Los Angeles is the city of stars, but in 2014 it was also the city of baseball’s two most valuable players.
Mike Trout of the Los Angeles Angels and Clayton Kershaw of the Los Angeles Dodgers were named the AL and NL MVPs on Thursday, bringing both pieces of hardware back to Hollywood. Well, Anaheim in Trout’s case, but close enough.
They’re the two best players in baseball — the best hitter and the best pitcher — and while some people in Detroit or St. Louis might claim blasphemy, if you strip away any favoritism, it’s true. Trout is the best run producer in the game, and Kershaw is the toughest in the game to score against. And now the Baseball Writers Association of America have cemented their MVP status. For this year, at least.
Trout was a unanimous winner, making him just the 10th MVP to sweep the voting. The NL vote was closer, but Kershaw still received 18 first-place votes, enough to handily beat Giancarlo Stanton of the Miami Marlins.
Each MVP award has even more historical context:
Take Kershaw, he’s the first NL pitcher to win the MVP since Bob Gibson in 1968. In the American League, it’s happened a couple times since then. The three most recent: Justin Verlander in 2011, Dennis Eckersley in 1992 and Roger Clemens in 1986. Kershaw is now the fourth NL pitcher to win the MVP and three of them are Dodgers, with Sandy Koufax (1963) and Don Newcombe (1956) being the others.
There’s a sentiment in baseball shared by some that pitchers shouldn’t win the MVP since they have the Cy Young award. Kershaw won that Wednesday. His 2014 season was so incredible that it overcame the belief that pitchers should exist to reach only the Cy Young. Two position players, each with stellar seasons, just didn’t measure up. Stanton finished second after crushing 37 homers and Andrew McCutchen of the Pittsburgh Pirates, the 2013 MVP, finished third after leading the NL in OPS.
And Trout, at age 23, is the fifth-youngest player to win an MVP. He’s the youngest MVP in 31 years, since Cal Ripken won it at age 22 in 1983. The list of players to be crowned MVP at a younger age than Trout includes not a single slouch: Vida Blue (he’s the youngest in 1971, in his age 21 season), Johnny Bench (1970) and Stan Musial (1943).
Trout earned all 30 first-place votes, finishing ahead of Victor Martinez of the Detroit Tigers (16 second-place votes) and Michael Brantley of the Cleveland Indians (eight second-place votes).
Trout finished second each of the past two seasons, with advanced-stat minded folks arguing that he deserved the award both seasons instead of Miguel Cabrera. Even the year Cabrera won the Triple Crown. This is not to ignite another of those debates, rather to make the point that Trout couldn’t be denied a third time.

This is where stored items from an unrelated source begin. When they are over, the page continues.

lemma saddle_grid_directions:
  fixes f :: "real \<times> real \<Rightarrow> real"
  assumes "a > 0" "b > 0" "open S" "p \<in> S" "\<And>x. x \<in> S \<Longrightarrow> f differentiable (at x)"
    and "\<And>v. (\<lambda>y. frechet_derivative f (at y) v) differentiable (at p)"
    and "hessian_det f p < 0"
  obtains k l k' l' :: int
  where "second_deriv f p (of_int k * a, of_int l * b) (of_int k * a, of_int l * b) < 0"
    and "second_deriv f p (of_int k' * a, of_int l' * b) (of_int k' * a, of_int l' * b) > 0"
proof -
  define A where "A = second_deriv f p (1, 0) (1, 0)"
  define B where "B = second_deriv f p (1, 0) (0, 1) + second_deriv f p (0, 1) (1, 0)"
  define C where "C = second_deriv f p (0, 1) (0, 1)"
  define \<alpha> \<beta> \<gamma> where "\<alpha> = A * a\<^sup>2" and "\<beta> = B * a * b" and "\<gamma> = C * b\<^sup>2"
  have Q: "second_deriv f p (x * a, y * b) (x * a, y * b) = \<alpha> * x\<^sup>2 + \<beta> * x * y + \<gamma> * y\<^sup>2" for x y
  proof -
    have "second_deriv f p (x * a, y * b) (x * a, y * b) =
            A * (x * a)\<^sup>2 + B * (x * a) * (y * b) + C * (y * b)\<^sup>2"
      unfolding A_def B_def C_def by (rule second_deriv_quadratic_form[OF assms(3-6)])
    then show ?thesis by (simp add: \<alpha>_def \<beta>_def \<gamma>_def power2_eq_square algebra_simps)
  qed
  \<comment> \<open>The mixed partials need not agree: their squared difference only helps.\<close>
  have "B\<^sup>2 - 4 * A * C =
        (second_deriv f p (1, 0) (0, 1) - second_deriv f p (0, 1) (1, 0))\<^sup>2 - 4 * hessian_det f p"
    unfolding A_def B_def C_def hessian_det_def by (simp add: power2_eq_square algebra_simps)
  then have "B\<^sup>2 - 4 * A * C > 0"
    using assms(7) by (smt (verit) zero_le_power2)
  moreover have "\<beta>\<^sup>2 - 4 * \<alpha> * \<gamma> = (a * b)\<^sup>2 * (B\<^sup>2 - 4 * A * C)"
    by (simp add: \<alpha>_def \<beta>_def \<gamma>_def power2_eq_square algebra_simps)
  moreover have "(a * b)\<^sup>2 > 0" using assms(1,2) by simp
  ultimately have "\<beta>\<^sup>2 - 4 * \<alpha> * \<gamma> > 0" by (metis mult_pos_pos)
  then have disc: "\<beta>\<^sup>2 > 4 * \<alpha> * \<gamma>" "(- \<beta>)\<^sup>2 > 4 * (- \<alpha>) * (- \<gamma>)" by simp_all
  obtain k l :: int where "\<alpha> * (of_int k)\<^sup>2 + \<beta> * of_int k * of_int l + \<gamma> * (of_int l)\<^sup>2 < 0"
    using indefinite_binary_form_neg[OF disc(1)] binary_form_neg_at_integer_point by metis
  moreover obtain k' l' :: int
    where "(- \<alpha>) * (of_int k')\<^sup>2 + (- \<beta>) * of_int k' * of_int l' + (- \<gamma>) * (of_int l')\<^sup>2 < 0"
    using indefinite_binary_form_neg[OF disc(2)] binary_form_neg_at_integer_point by metis
  ultimately show ?thesis using that[of k l k' l'] by (simp add: Q)
qed

lemma scaled_index_in_interval:
  assumes "a > 0" "n > 0"
  shows "x / real n * a \<in> {0..a} \<longleftrightarrow> 0 \<le> x \<and> x \<le> real n"
  using assms by (auto simp: field_simps zero_le_mult_iff zero_le_divide_iff)

lemma grid_vertex_translate:
  fixes k l :: int
  assumes "a > 0" "b > 0" "n > 0"
    and "grid_vertex a b n i j + (1 / real n) *\<^sub>R (of_int k * a, of_int l * b) \<in> {0..a} \<times> {0..b}"
    and "\<bar>of_int k\<bar> \<le> r" "\<bar>of_int l\<bar> \<le> r"
  obtains i' j' where "(i', j') \<in> grid_circle n i j r"
    and "grid_vertex a b n i' j' = grid_vertex a b n i j + (1 / real n) *\<^sub>R (of_int k * a, of_int l * b)"
proof -
  define I J where "I = int i + k" and "J = int j + l"
  have shift: "grid_vertex a b n i j + (1 / real n) *\<^sub>R (of_int k * a, of_int l * b)
             = (of_int I / real n * a, of_int J / real n * b)"
    by (simp add: grid_vertex_def I_def J_def add_divide_distrib algebra_simps)
  then have "0 \<le> I" "I \<le> int n" "0 \<le> J" "J \<le> int n"
    using assms(4) scaled_index_in_interval[OF assms(1,3), of "of_int I"]
      scaled_index_in_interval[OF assms(2,3), of "of_int J"] by auto
  then have "(nat I, nat J) \<in> grid_circle n i j r"
    and "grid_vertex a b n (nat I) (nat J) = (of_int I / real n * a, of_int J / real n * b)"
    using assms(5,6) by (auto simp: grid_circle_def grid_vertex_def I_def J_def)
  then show ?thesis using that shift by metis
qed

lemma not_grid_minimal_if_midpoint_concave:
  fixes k l :: int
  assumes "a > 0" "b > 0" "n > 0"
    and "q = grid_vertex a b n i j" "d = (1 / real n) *\<^sub>R (of_int k * a, of_int l * b)"
    and "q + d \<in> {0..a} \<times> {0..b}" "q - d \<in> {0..a} \<times> {0..b}"
    and "\<bar>of_int k\<bar> \<le> r" "\<bar>of_int l\<bar> \<le> r"
    and "g (q + d) + g (q - d) < 2 * g q"
  shows "\<not> grid_minimal g a b n i j r"
proof
  assume min: "grid_minimal g a b n i j r"
  have below: "g q \<le> g (q + (1 / real n) *\<^sub>R (of_int u * a, of_int w * b))"
    if hyp: "q + (1 / real n) *\<^sub>R (of_int u * a, of_int w * b) \<in> {0..a} \<times> {0..b}"
      and bounds: "\<bar>of_int u\<bar> \<le> r" "\<bar>of_int w\<bar> \<le> r" for u w :: int
  proof -
    obtain i' j' where "(i', j') \<in> grid_circle n i j r"
      and "grid_vertex a b n i' j' = q + (1 / real n) *\<^sub>R (of_int u * a, of_int w * b)"
      using grid_vertex_translate[OF assms(1-3) hyp[unfolded assms(4)] bounds] unfolding assms(4) by blast
    then show ?thesis using min assms(4) unfolding grid_minimal_def by fastforce
  qed
  have minus: "q + (1 / real n) *\<^sub>R (of_int (- k) * a, of_int (- l) * b) = q - d"
    using assms(5) by simp
  have "g q \<le> g (q + d)"
    using below[of k l] assms(5,6,8,9) by simp
  moreover have "g q \<le> g (q - d)"
    using below[of "- k" "- l", unfolded minus] assms(7-9) by simp
  ultimately show False using assms(10) by simp
qed

lemma grid_maximal_iff_grid_minimal_uminus:
  "grid_maximal f a b n i j r \<longleftrightarrow> grid_minimal (\<lambda>x. - f x) a b n i j r"
  unfolding grid_maximal_def grid_minimal_def by simp

lemma eventually_not_grid_minimal:
  fixes k l :: int
  assumes "a > 0" "b > 0" "e > 0" "ball c e \<subseteq> {0..a} \<times> {0..b}"
    and "\<bar>of_int k\<bar> \<le> r" "\<bar>of_int l\<bar> \<le> r"
    and "v = (of_int k * a, of_int l * b)"
    and concave: "\<And>q t. q \<in> ball c (e / 2) \<Longrightarrow> t > 0 \<Longrightarrow> t * norm v \<le> e / 2 \<Longrightarrow>
                    g (q + t *\<^sub>R v) + g (q - t *\<^sub>R v) < 2 * g q"
  shows "\<exists>N. \<forall>n\<ge>N. \<forall>i j. grid_vertex a b n i j \<in> ball c (e / 2) \<longrightarrow> \<not> grid_minimal g a b n i j r"
proof (intro exI allI impI)
  fix n i j
  assume n: "n \<ge> nat \<lceil>2 * norm v / e\<rceil> + 1" and q: "grid_vertex a b n i j \<in> ball c (e / 2)"
  define t where "t = 1 / real n"
  have "n > 0" "t > 0" using n by (simp_all add: t_def)
  have "2 * norm v / e \<le> real n" using n by linarith
  then have "t * norm v \<le> e / 2" using \<open>n > 0\<close> \<open>e > 0\<close> by (simp add: t_def field_simps)
  then have "\<bar>t\<bar> * norm v \<le> e / 2" "\<bar>- t\<bar> * norm v \<le> e / 2"
    using \<open>t > 0\<close> by simp_all
  from this[THEN add_scaleR_in_ball[OF q]] assms(4)
  have D: "grid_vertex a b n i j + t *\<^sub>R v \<in> {0..a} \<times> {0..b}"
    "grid_vertex a b n i j - t *\<^sub>R v \<in> {0..a} \<times> {0..b}"
    by auto
  show "\<not> grid_minimal g a b n i j r"
  proof (rule not_grid_minimal_if_midpoint_concave[OF assms(1,2) \<open>n > 0\<close> refl, where d = "t *\<^sub>R v"])
    show "t *\<^sub>R v = (1 / real n) *\<^sub>R (of_int k * a, of_int l * b)"
      by (simp add: t_def assms(7))
  qed (use D assms(5,6) concave[OF q \<open>t > 0\<close> \<open>t * norm v \<le> e / 2\<close>] in auto)
qed

lemma eventually_not_grid_maximal:
  fixes k l :: int
  assumes "a > 0" "b > 0" "e > 0" "ball c e \<subseteq> {0..a} \<times> {0..b}"
    and "\<bar>of_int k\<bar> \<le> r" "\<bar>of_int l\<bar> \<le> r"
    and "v = (of_int k * a, of_int l * b)"
    and convex: "\<And>q t. q \<in> ball c (e / 2) \<Longrightarrow> t > 0 \<Longrightarrow> t * norm v \<le> e / 2 \<Longrightarrow>
                    g (q + t *\<^sub>R v) + g (q - t *\<^sub>R v) > 2 * g q"
  shows "\<exists>N. \<forall>n\<ge>N. \<forall>i j. grid_vertex a b n i j \<in> ball c (e / 2) \<longrightarrow> \<not> grid_maximal g a b n i j r"
  unfolding grid_maximal_iff_grid_minimal_uminus
proof (rule eventually_not_grid_minimal[OF assms(1-7)])
  fix q t
  assume "q \<in> ball c (e / 2)" "t > 0" "t * norm v \<le> e / 2"
  from convex[OF this] show "- g (q + t *\<^sub>R v) + - g (q - t *\<^sub>R v) < 2 * - g q" by simp
qed

lemma C3_second_derivatives:
  assumes "Ck 3 f S" "x \<in> S"
  shows "f differentiable (at x)"
    and "(\<lambda>y. frechet_derivative f (at y) v) differentiable (at x)"
    and "isCont (\<lambda>y. second_deriv f y v w) x"
proof -
  have "Ck (Suc (Suc (Suc 0))) f S" using assms(1) by (simp add: numeral_3_eq_3)
  then have "\<forall>x\<in>S. f differentiable (at x)"
    and "\<forall>v. \<forall>x\<in>S. (\<lambda>y. frechet_derivative f (at y) v) differentiable (at x)"
    and "\<forall>v w. \<forall>x\<in>S. (\<lambda>y. second_deriv f y v w) differentiable (at x)"
    unfolding second_deriv_def by simp_all
  then show "f differentiable (at x)"
    and "(\<lambda>y. frechet_derivative f (at y) v) differentiable (at x)"
    and "isCont (\<lambda>y. second_deriv f y v w) x"
    using assms(2) differentiable_imp_continuous_within by blast+
qed

lemma saddle_grid_directions_near:
  fixes f :: "real \<times> real \<Rightarrow> real"
  assumes "a > 0" "b > 0" "Ck 3 f S" "open S" "p \<in> S" "hessian_det f p < 0"
  obtains e and k l k' l' :: int where "e > 0" "ball p e \<subseteq> S"
    and "\<And>x. x \<in> ball p e \<Longrightarrow>
           second_deriv f x (of_int k * a, of_int l * b) (of_int k * a, of_int l * b) < 0"
    and "\<And>x. x \<in> ball p e \<Longrightarrow>
           second_deriv f x (of_int k' * a, of_int l' * b) (of_int k' * a, of_int l' * b) > 0"
proof -
  note C3 = C3_second_derivatives[OF assms(3)]
  obtain k l k' l' :: int
    where "second_deriv f p (of_int k * a, of_int l * b) (of_int k * a, of_int l * b) < 0"
      and "second_deriv f p (of_int k' * a, of_int l' * b) (of_int k' * a, of_int l' * b) > 0"
    using saddle_grid_directions[OF assms(1,2,4,5) C3(1) C3(2)[OF assms(5)] assms(6)] .
  moreover have cont: "((\<lambda>x. second_deriv f x u u) \<longlongrightarrow> second_deriv f p u u) (nhds p)" for u
    using C3(3)[OF assms(5), of u u] isCont_def tendsto_at_iff_tendsto_nhds by metis
  ultimately have "\<forall>\<^sub>F x in nhds p. x \<in> S
      \<and> second_deriv f x (of_int k * a, of_int l * b) (of_int k * a, of_int l * b) < 0
      \<and> second_deriv f x (of_int k' * a, of_int l' * b) (of_int k' * a, of_int l' * b) > 0"
    using eventually_nhds_in_open[OF assms(4,5)] order_tendstoD[OF cont] by (auto intro!: eventually_conj)
  then obtain e where "e > 0" and "\<And>x. x \<in> ball p e \<Longrightarrow> x \<in> S
      \<and> second_deriv f x (of_int k * a, of_int l * b) (of_int k * a, of_int l * b) < 0
      \<and> second_deriv f x (of_int k' * a, of_int l' * b) (of_int k' * a, of_int l' * b) > 0"
    by (auto simp: eventually_nhds_metric dist_commute)
  then show ?thesis using that[of e k l k' l'] by blast
qed

lemma saddle_eventually_not_grid_extremal:
  fixes f :: "real \<times> real \<Rightarrow> real"
  assumes "a > 0" "b > 0" "Ck 3 f S" "open S" "S \<subseteq> {0..a} \<times> {0..b}" "p \<in> S"
    and "hessian_det f p < 0"
  obtains e r N where "e > 0" "r > 0"
    and "\<forall>n\<ge>N. \<forall>i j. grid_vertex a b n i j \<in> ball p e \<longrightarrow>
           \<not> grid_minimal f a b n i j r \<and> \<not> grid_maximal f a b n i j r"
proof -
  obtain e and k l k' l' :: int where "e > 0" "ball p e \<subseteq> S"
    and concave: "\<And>x. x \<in> ball p e \<Longrightarrow>
           second_deriv f x (of_int k * a, of_int l * b) (of_int k * a, of_int l * b) < 0"
    and convex: "\<And>x. x \<in> ball p e \<Longrightarrow>
           second_deriv f x (of_int k' * a, of_int l' * b) (of_int k' * a, of_int l' * b) > 0"
    by (rule saddle_grid_directions_near[OF assms(1-4,6,7)]) blast
  have D: "f differentiable (at x)" "(\<lambda>y. frechet_derivative f (at y) v) differentiable (at x)"
    if "x \<in> ball p e" for x v
    using C3_second_derivatives[OF assms(3)] that \<open>ball p e \<subseteq> S\<close> by blast+
  define r where "r = real_of_int (max (max \<bar>k\<bar> \<bar>l\<bar>) (max \<bar>k'\<bar> \<bar>l'\<bar>)) + 1"
  have r: "\<bar>of_int k\<bar> \<le> r" "\<bar>of_int l\<bar> \<le> r" "\<bar>of_int k'\<bar> \<le> r" "\<bar>of_int l'\<bar> \<le> r" "r > 0"
    unfolding r_def by linarith+
  have ball: "ball p e \<subseteq> {0..a} \<times> {0..b}" using \<open>ball p e \<subseteq> S\<close> assms(5) by blast
  have "\<exists>N. \<forall>n\<ge>N. \<forall>i j. grid_vertex a b n i j \<in> ball p (e / 2) \<longrightarrow> \<not> grid_minimal f a b n i j r"
    by (rule eventually_not_grid_minimal[OF assms(1,2) \<open>e > 0\<close> ball r(1,2) refl])
      (rule strict_midpoint_concave_on_ball[OF D concave])
  moreover have "\<exists>N. \<forall>n\<ge>N. \<forall>i j. grid_vertex a b n i j \<in> ball p (e / 2) \<longrightarrow> \<not> grid_maximal f a b n i j r"
    by (rule eventually_not_grid_maximal[OF assms(1,2) \<open>e > 0\<close> ball r(3,4) refl])
      (rule strict_midpoint_convex_on_ball[OF D convex])
  ultimately obtain N1 N2 where
    "\<forall>n\<ge>N1. \<forall>i j. grid_vertex a b n i j \<in> ball p (e / 2) \<longrightarrow> \<not> grid_minimal f a b n i j r"
    "\<forall>n\<ge>N2. \<forall>i j. grid_vertex a b n i j \<in> ball p (e / 2) \<longrightarrow> \<not> grid_maximal f a b n i j r"
    by blast
  then show ?thesis
    using that[of "e / 2" r "max N1 N2"] \<open>e > 0\<close> r(5) by simp
qed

His 2014 was maybe his worst season by many metrics, which goes to show how good Trout’s first two seasons were rather than shame his 2014 performance. This year, he led MLB in runs scored and RBIs — a spectacular amount of run producing that helped the Angels win an MLB-high 98 games. The knock on Trout in years past was that he wasn’t valuable because his team didn’t win. But this year it did.
He also had 36 homers with 173 total hits. He led baseball (again) in Wins Above Replacement, an across-the-board stat that measures his value relative to a replacement-level player. The knock on Trout this year is that he struck out more than anybody in baseball. That’s true, his batting average was down, from .323 last season to .287 in 2014, so were his walks. But between his runs and RBIs, he easily accounted for the most scoring in MLB, and that’s the point, isn’t it?
Kershaw’s job, of course, is the opposite. He’s not supposed to allow runs, and for a good stretch, he didn’t. He had a 41-inning scoreless streak at one point and had a 0.94 ERA in June and July.
He finished the season with a 1.77 ERA, the fourth straight season in which Kershaw had the lowest ERA in MLB. No one’s ever done that before. Kershaw won 21 games and lost just three, throwing six complete games, two shutouts and one no-hitter. He struck out 239 batters and walked just 31. Kershaw was so good, he didn’t allow an RBI to a left-handed batter until September.
Neither Kershaw nor Trout delivered the ultimate prize to their cities — a World Series trophy. Both the Angels and Dodgers were bounced out of the playoffs earlier than they hoped. Now that they’ve earned MLB honors, Trout and Kershaw have their next challenge in front of them.